» Collected data
□ □ □ □

lemma pr_comp [simp]:
  assumes "x \<in> Mor C" "Cod C x = C1" "y \<in> Mor C" "Cod C y = C1" "Dom C y = Dom C x" "d \<cdot> x = c \<cdot> y"
    and "z \<in> Mor C" "Cod C z = Dom C x"
  shows "pr x y \<cdot> z = pr (x \<cdot> z) (y \<cdot> z)"
proof -
  have composable: "d \<cdot> (x \<cdot> z) = c \<cdot> (y \<cdot> z)"
    using assms by (simp flip: comp_assoc)
  show ?thesis
  proof (rule pr_ext)
    show "p1 \<cdot> (pr x y \<cdot> z) = p1 \<cdot> pr (x \<cdot> z) (y \<cdot> z)"
      and "p2 \<cdot> (pr x y \<cdot> z) = p2 \<cdot> pr (x \<cdot> z) (y \<cdot> z)"
      using assms composable by (simp_all flip: comp_assoc)
  qed (use assms composable in auto)
qed

lemma pr_p1_p2 [simp]: "pr p1 p2 = Id C C2"
  by (rule pr_ext) auto

lemma mult_unit_right [simp]:
  assumes "x \<in> Mor C" "Cod C x = C1" "d \<cdot> x = a"
  shows "m \<cdot> pr x (e \<cdot> a) = x"
proof -
  have "m \<cdot> pr x (e \<cdot> a) = (m \<cdot> pr (Id C C1) (e \<cdot> d)) \<cdot> x"
    using assms by simp
  also have "\<dots> = x"
    using assms groupoid_laws by simp
  finally show ?thesis .
qed

lemma mult_unit_left [simp]:
  assumes "x \<in> Mor C" "Cod C x = C1" "c \<cdot> x = a"
  shows "m \<cdot> pr (e \<cdot> a) x = x"
proof -
  have "m \<cdot> pr (e \<cdot> a) x = (m \<cdot> pr (e \<cdot> c) (Id C C1)) \<cdot> x"
    using assms by simp
  also have "\<dots> = x"
    using assms groupoid_laws by simp
  finally show ?thesis .
qed

lemma mult_inverse_right [simp]:
  assumes "x \<in> Mor C" "Cod C x = C1"
  shows "m \<cdot> pr x (i \<cdot> x) = e \<cdot> (c \<cdot> x)"
proof -
  have "m \<cdot> pr x (i \<cdot> x) = (m \<cdot> pr (Id C C1) i) \<cdot> x"
    using assms by simp
  also have "\<dots> = e \<cdot> (c \<cdot> x)"
    using assms groupoid_laws by simp
  finally show ?thesis .
qed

□ □ □ □

» WHAT YOU HAVE TO DO
In the records above, locate every line with the string "shows" and copy it.

» TASK ANSWER
  shows "pr x y \<cdot> z = pr (x \<cdot> z) (y \<cdot> z)"
  shows "m \<cdot> pr x (e \<cdot> a) = x"
  shows "m \<cdot> pr (e \<cdot> a) x = x"
  shows "m \<cdot> pr x (i \<cdot> x) = e \<cdot> (c \<cdot> x)"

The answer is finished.